[Records from a data collection]
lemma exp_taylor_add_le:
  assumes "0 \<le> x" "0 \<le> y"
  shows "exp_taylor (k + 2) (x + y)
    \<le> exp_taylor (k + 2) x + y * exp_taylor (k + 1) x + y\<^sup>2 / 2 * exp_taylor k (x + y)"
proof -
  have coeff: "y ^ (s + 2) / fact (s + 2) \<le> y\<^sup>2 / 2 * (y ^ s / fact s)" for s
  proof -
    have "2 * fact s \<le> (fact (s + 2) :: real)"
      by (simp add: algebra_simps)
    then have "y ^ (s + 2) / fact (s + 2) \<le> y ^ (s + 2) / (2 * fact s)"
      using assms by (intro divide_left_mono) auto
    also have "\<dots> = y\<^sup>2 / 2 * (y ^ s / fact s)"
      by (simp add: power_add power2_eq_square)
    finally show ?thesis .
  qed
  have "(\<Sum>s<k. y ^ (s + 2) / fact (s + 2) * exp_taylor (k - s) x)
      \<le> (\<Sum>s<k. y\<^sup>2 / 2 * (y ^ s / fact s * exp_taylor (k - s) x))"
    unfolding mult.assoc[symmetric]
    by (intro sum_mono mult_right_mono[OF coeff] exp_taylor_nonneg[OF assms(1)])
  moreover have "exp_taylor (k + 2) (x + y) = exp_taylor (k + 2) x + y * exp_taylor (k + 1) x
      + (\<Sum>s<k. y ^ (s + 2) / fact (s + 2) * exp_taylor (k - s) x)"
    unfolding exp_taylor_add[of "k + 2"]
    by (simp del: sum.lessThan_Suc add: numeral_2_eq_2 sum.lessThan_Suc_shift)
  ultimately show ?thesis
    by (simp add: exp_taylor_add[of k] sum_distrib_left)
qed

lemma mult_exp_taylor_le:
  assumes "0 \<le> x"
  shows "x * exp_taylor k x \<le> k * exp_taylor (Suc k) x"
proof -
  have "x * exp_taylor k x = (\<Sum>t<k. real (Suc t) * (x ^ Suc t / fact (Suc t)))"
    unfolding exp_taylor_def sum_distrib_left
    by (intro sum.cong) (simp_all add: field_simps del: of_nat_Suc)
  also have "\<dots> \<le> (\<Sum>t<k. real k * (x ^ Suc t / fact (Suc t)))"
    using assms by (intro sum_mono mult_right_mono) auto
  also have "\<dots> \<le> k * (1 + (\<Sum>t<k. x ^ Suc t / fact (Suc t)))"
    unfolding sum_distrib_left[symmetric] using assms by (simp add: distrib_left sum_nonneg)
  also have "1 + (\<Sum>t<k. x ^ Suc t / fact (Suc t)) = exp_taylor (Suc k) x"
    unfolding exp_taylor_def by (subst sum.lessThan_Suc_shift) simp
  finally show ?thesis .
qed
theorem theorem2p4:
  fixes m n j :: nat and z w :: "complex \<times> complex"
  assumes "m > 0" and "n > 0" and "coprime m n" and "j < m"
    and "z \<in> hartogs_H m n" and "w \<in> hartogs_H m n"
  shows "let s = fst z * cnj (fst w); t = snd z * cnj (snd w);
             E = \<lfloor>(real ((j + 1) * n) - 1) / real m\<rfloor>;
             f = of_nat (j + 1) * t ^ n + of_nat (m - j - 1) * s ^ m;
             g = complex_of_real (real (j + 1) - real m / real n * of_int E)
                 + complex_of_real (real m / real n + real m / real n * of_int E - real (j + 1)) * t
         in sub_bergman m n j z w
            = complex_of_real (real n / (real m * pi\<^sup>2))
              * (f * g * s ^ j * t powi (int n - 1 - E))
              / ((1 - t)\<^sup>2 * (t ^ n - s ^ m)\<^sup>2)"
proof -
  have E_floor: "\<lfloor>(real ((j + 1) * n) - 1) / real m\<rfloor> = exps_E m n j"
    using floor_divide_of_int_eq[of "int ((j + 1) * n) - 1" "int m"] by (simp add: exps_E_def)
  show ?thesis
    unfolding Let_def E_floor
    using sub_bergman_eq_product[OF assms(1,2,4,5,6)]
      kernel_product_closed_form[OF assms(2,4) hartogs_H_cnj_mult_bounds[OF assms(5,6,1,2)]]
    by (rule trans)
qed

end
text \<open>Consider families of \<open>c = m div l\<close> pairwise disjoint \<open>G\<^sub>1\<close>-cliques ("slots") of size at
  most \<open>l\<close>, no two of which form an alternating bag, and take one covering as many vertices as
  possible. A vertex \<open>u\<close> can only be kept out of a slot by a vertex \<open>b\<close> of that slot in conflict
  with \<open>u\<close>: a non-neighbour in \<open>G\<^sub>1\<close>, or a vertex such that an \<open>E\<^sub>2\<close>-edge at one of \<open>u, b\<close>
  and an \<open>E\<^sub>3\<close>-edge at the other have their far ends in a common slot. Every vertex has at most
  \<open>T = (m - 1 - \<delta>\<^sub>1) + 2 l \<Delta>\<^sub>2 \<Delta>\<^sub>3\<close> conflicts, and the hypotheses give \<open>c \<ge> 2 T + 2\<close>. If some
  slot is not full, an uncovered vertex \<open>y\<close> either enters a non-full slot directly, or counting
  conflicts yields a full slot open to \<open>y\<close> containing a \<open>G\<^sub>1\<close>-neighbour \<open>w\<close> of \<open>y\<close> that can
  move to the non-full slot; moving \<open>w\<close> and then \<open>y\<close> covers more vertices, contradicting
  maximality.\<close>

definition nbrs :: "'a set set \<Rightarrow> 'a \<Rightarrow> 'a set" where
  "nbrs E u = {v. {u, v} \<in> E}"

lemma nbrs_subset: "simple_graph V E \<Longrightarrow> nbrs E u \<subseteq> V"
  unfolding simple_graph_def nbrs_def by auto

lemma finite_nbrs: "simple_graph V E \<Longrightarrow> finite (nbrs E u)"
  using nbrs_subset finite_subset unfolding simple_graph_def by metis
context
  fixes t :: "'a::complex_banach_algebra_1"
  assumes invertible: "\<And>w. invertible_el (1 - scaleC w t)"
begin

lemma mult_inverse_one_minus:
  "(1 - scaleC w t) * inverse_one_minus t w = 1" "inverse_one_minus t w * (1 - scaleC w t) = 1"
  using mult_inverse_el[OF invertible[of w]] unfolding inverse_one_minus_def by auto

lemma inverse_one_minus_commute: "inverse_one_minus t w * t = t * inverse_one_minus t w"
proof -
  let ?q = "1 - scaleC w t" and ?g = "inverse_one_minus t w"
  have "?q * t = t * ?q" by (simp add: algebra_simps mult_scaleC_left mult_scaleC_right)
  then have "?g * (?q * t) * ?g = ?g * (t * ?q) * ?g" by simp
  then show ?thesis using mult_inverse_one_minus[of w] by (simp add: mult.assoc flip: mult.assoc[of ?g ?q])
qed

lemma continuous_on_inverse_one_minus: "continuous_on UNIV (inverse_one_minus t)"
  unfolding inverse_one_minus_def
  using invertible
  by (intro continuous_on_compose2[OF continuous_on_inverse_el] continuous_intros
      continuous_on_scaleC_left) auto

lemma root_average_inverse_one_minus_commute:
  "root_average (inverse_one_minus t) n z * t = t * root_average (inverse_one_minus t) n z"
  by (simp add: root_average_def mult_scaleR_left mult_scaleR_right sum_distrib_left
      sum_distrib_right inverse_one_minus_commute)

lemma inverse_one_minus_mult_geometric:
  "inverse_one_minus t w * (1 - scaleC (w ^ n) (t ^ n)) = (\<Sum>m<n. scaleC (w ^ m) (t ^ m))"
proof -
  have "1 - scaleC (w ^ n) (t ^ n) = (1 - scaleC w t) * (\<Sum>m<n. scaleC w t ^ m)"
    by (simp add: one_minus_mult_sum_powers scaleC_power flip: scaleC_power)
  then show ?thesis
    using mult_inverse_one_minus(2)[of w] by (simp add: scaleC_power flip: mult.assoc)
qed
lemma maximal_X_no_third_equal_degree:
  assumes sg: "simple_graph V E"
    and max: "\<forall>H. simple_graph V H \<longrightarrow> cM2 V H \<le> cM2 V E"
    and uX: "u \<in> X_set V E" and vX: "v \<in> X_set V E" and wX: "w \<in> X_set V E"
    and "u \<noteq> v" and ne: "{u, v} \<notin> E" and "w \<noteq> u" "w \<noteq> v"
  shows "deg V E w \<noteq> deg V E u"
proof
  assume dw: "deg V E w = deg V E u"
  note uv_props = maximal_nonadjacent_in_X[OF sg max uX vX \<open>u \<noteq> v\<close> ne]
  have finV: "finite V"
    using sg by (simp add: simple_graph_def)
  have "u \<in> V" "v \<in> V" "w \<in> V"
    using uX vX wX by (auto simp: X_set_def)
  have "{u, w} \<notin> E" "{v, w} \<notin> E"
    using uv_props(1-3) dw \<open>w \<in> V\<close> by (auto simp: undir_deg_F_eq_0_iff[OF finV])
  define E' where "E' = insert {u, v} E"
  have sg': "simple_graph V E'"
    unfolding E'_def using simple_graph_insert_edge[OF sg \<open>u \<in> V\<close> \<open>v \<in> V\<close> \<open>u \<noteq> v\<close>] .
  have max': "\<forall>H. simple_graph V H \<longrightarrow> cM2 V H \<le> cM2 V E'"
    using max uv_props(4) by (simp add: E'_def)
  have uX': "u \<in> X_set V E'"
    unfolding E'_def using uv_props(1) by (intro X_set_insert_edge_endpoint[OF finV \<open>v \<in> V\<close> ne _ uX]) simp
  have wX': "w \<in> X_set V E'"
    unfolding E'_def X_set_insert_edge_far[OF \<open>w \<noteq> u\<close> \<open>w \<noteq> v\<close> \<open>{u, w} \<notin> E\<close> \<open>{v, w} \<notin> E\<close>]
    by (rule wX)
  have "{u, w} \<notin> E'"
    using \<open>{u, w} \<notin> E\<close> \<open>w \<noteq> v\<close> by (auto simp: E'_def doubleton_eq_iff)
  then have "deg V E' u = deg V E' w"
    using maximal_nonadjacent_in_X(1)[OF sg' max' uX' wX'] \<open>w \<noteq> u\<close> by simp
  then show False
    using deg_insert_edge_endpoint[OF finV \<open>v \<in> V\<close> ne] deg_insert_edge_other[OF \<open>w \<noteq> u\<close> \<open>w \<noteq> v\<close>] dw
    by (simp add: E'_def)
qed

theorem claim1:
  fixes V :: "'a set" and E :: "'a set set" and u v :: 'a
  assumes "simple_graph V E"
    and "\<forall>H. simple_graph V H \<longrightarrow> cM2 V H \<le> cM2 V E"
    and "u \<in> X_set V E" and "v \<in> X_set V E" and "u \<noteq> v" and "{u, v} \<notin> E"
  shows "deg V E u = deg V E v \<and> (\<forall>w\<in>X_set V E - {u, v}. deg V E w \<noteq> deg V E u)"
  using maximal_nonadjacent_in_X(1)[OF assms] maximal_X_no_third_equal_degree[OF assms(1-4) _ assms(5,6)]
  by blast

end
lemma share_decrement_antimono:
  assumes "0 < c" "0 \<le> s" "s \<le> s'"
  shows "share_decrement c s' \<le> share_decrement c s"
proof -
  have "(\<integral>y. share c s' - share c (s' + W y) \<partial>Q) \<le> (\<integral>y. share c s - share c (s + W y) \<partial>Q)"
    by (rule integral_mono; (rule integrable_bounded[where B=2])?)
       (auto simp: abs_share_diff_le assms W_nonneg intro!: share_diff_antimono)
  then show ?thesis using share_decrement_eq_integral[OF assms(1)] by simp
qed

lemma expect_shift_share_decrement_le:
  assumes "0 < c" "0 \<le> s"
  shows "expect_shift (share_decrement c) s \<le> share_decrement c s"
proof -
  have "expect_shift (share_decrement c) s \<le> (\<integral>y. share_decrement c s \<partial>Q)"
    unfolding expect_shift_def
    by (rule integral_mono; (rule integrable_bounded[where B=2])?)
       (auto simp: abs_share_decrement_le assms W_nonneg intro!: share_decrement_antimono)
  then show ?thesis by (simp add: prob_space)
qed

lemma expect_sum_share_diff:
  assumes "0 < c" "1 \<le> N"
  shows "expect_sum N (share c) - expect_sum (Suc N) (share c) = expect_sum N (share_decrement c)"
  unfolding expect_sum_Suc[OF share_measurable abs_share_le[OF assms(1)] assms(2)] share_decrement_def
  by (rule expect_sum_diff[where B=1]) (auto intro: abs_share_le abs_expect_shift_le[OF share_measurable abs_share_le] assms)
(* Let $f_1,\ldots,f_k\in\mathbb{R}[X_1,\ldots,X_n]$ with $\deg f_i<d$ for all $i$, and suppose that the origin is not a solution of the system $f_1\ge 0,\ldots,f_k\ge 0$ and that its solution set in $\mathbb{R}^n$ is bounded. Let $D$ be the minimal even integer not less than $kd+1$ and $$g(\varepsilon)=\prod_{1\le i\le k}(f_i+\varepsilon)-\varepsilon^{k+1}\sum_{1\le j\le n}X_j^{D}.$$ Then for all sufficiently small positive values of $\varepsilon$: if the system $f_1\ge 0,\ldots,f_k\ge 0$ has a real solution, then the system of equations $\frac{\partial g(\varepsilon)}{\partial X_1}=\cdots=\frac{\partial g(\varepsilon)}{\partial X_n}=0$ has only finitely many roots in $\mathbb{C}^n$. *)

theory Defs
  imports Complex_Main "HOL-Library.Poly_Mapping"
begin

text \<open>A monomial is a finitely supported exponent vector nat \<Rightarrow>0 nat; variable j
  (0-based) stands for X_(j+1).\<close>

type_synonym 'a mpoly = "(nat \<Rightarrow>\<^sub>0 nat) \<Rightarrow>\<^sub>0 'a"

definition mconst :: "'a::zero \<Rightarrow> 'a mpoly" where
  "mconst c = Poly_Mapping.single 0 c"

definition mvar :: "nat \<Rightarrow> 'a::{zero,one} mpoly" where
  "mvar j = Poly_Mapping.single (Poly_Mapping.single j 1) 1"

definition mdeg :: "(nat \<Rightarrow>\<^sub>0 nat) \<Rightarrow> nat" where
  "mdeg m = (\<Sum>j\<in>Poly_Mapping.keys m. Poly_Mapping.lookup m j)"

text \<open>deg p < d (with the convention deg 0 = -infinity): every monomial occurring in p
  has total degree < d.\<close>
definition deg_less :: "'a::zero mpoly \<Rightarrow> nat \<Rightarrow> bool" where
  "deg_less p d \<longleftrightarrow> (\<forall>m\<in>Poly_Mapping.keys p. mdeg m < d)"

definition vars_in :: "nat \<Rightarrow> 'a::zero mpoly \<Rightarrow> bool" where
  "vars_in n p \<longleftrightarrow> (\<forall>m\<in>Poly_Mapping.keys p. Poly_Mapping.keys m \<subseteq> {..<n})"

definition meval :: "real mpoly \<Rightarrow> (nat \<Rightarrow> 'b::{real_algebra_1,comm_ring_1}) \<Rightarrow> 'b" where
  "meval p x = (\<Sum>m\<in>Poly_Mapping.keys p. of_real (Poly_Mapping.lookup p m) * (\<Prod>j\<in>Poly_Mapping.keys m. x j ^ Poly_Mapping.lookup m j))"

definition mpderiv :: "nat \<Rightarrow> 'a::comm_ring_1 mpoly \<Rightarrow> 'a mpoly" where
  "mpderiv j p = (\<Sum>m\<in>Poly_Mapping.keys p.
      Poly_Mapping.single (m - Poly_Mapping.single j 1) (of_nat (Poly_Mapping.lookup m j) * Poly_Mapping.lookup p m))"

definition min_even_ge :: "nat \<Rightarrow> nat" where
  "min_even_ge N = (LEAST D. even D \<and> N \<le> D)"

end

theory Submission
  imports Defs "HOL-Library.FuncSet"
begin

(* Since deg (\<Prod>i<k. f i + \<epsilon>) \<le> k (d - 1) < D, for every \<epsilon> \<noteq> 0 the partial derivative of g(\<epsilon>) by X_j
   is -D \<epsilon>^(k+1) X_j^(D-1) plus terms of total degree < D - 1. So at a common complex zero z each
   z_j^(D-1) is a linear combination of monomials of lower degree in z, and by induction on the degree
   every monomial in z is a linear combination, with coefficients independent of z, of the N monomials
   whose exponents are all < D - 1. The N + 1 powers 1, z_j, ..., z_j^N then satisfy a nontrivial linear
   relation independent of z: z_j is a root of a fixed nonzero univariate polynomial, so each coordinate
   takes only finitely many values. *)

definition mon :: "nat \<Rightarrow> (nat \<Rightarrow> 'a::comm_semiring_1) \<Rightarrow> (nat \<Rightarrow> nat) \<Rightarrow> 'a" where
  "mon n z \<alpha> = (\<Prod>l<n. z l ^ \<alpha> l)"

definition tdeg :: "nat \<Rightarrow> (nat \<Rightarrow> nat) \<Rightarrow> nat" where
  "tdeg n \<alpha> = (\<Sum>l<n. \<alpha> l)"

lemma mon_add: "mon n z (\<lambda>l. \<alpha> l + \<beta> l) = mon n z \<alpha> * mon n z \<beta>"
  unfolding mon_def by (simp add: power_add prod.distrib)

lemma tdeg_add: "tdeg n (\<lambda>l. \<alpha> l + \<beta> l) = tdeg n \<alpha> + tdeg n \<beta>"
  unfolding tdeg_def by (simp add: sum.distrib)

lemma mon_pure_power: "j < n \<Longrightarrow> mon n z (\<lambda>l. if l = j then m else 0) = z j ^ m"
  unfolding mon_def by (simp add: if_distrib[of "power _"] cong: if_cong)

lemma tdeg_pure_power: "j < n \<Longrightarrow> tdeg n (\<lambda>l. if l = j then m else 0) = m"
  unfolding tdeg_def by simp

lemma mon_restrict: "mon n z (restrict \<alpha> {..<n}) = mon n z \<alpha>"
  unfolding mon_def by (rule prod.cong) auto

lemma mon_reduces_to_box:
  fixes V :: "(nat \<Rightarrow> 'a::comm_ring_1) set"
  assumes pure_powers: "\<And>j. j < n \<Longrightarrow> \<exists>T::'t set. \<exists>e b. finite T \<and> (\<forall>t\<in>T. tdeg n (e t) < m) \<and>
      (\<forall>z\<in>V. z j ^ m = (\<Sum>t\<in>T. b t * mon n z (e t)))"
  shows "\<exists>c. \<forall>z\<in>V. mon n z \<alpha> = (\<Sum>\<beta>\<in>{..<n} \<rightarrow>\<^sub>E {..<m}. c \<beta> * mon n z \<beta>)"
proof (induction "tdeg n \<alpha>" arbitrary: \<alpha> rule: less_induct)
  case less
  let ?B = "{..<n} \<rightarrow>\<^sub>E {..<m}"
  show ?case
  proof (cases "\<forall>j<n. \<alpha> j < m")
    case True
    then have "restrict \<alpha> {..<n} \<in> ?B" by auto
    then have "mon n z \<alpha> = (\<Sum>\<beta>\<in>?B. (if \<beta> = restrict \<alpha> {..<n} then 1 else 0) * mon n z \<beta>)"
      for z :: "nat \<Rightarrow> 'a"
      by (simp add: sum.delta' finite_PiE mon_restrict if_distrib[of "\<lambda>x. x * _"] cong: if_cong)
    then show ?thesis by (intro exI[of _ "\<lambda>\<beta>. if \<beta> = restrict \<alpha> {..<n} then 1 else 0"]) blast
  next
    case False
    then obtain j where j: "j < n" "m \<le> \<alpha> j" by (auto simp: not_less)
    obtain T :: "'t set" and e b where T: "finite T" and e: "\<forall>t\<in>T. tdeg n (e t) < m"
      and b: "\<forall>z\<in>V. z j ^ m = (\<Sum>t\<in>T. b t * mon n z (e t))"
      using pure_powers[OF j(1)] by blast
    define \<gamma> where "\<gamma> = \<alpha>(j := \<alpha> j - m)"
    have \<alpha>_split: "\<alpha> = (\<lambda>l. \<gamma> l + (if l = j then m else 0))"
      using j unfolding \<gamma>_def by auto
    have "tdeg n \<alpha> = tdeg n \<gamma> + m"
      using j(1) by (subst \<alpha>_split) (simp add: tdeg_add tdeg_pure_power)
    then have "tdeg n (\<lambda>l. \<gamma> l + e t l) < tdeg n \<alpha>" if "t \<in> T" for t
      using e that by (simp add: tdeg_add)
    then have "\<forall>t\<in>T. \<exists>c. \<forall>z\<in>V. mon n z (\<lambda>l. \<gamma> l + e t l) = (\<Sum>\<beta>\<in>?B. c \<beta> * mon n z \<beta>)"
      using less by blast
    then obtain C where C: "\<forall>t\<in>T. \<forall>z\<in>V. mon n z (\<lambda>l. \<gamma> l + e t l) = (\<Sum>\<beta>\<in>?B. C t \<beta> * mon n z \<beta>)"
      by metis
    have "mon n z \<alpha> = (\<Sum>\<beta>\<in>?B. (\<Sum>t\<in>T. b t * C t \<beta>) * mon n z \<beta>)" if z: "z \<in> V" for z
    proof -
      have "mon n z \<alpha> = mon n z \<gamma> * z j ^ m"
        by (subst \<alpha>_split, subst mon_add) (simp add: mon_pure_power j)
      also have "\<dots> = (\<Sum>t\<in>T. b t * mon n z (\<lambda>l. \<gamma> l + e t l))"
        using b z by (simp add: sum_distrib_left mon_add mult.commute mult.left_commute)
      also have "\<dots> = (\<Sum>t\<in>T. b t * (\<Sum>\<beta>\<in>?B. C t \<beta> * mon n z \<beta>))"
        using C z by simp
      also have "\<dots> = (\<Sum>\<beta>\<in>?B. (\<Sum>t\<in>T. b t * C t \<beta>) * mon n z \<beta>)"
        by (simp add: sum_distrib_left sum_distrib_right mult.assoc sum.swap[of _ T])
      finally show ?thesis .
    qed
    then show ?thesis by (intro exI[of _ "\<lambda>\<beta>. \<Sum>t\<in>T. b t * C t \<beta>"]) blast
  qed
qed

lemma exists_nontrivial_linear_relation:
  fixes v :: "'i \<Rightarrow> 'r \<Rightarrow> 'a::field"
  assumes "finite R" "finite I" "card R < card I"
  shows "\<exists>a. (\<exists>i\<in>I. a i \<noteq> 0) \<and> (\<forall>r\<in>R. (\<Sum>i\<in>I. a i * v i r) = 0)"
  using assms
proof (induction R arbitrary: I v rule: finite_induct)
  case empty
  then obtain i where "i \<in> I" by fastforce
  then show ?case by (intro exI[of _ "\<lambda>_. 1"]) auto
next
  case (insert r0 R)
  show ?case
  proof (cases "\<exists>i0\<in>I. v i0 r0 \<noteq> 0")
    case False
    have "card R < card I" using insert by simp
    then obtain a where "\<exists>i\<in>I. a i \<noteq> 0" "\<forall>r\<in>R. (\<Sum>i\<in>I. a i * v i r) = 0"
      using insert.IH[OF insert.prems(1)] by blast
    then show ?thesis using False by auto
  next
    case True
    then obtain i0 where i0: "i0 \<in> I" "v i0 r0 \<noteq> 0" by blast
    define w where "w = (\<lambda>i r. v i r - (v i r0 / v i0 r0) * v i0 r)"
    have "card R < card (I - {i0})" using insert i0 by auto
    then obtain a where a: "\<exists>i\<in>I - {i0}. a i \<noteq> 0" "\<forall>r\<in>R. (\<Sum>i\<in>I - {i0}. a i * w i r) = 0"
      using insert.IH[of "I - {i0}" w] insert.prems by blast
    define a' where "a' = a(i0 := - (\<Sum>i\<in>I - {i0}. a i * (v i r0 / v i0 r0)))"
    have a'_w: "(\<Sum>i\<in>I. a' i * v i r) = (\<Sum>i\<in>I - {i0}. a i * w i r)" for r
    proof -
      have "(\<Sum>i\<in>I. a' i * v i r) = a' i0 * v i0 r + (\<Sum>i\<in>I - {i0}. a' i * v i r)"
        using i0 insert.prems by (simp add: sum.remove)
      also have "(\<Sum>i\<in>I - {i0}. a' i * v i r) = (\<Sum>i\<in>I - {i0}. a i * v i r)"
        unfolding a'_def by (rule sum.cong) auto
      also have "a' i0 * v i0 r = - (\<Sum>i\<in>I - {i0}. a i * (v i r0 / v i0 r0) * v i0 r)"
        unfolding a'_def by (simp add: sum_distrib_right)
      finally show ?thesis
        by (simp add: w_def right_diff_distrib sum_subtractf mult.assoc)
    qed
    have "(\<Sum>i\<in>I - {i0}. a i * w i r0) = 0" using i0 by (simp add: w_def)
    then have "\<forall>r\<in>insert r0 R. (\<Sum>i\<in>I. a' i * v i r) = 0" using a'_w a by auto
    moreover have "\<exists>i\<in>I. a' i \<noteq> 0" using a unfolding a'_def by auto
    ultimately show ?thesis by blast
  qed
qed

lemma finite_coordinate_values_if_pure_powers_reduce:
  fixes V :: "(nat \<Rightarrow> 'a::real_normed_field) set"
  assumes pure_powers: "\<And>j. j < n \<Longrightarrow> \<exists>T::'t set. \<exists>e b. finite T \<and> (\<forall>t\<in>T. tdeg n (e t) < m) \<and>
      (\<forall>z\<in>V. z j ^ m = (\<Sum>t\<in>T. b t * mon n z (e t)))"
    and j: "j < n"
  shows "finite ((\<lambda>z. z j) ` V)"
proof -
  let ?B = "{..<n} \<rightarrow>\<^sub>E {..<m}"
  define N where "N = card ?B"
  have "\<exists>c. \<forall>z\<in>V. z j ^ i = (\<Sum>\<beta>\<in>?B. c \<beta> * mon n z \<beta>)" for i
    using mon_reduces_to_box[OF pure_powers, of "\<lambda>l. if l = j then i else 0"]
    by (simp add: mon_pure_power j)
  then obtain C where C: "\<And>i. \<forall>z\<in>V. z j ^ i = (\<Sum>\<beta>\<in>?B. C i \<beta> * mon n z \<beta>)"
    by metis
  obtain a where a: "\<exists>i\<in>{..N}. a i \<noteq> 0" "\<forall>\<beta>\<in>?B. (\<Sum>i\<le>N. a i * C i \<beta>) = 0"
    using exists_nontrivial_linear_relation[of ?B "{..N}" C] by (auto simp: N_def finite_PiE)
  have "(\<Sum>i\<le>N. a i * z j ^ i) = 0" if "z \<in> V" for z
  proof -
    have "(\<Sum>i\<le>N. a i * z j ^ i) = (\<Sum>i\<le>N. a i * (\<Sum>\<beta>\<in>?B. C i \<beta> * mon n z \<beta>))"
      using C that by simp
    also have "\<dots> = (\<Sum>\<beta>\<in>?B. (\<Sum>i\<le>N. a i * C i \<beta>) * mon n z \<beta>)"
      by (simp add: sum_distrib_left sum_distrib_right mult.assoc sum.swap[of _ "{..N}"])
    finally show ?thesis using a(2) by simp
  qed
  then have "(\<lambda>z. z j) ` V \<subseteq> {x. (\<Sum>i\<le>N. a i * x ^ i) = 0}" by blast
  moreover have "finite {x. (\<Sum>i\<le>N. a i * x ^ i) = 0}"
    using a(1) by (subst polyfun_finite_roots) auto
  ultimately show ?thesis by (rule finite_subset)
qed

WHAT YOU NEED TO DO >> What you return must be the lines above that run from the line with "unfolding E'_def using uv_props(1)" to the line with "simp: E'_def doubleton_eq_iff)", inclusive, each copied exactly.

RESULT FOR THIS EXERCISE >>
    unfolding E'_def using uv_props(1) by (intro X_set_insert_edge_endpoint[OF finV \<open>v \<in> V\<close> ne _ uX]) simp
  have wX': "w \<in> X_set V E'"
    unfolding E'_def X_set_insert_edge_far[OF \<open>w \<noteq> u\<close> \<open>w \<noteq> v\<close> \<open>{u, w} \<notin> E\<close> \<open>{v, w} \<notin> E\<close>]
    by (rule wX)
  have "{u, w} \<notin> E'"
    using \<open>{u, w} \<notin> E\<close> \<open>w \<noteq> v\<close> by (auto simp: E'_def doubleton_eq_iff)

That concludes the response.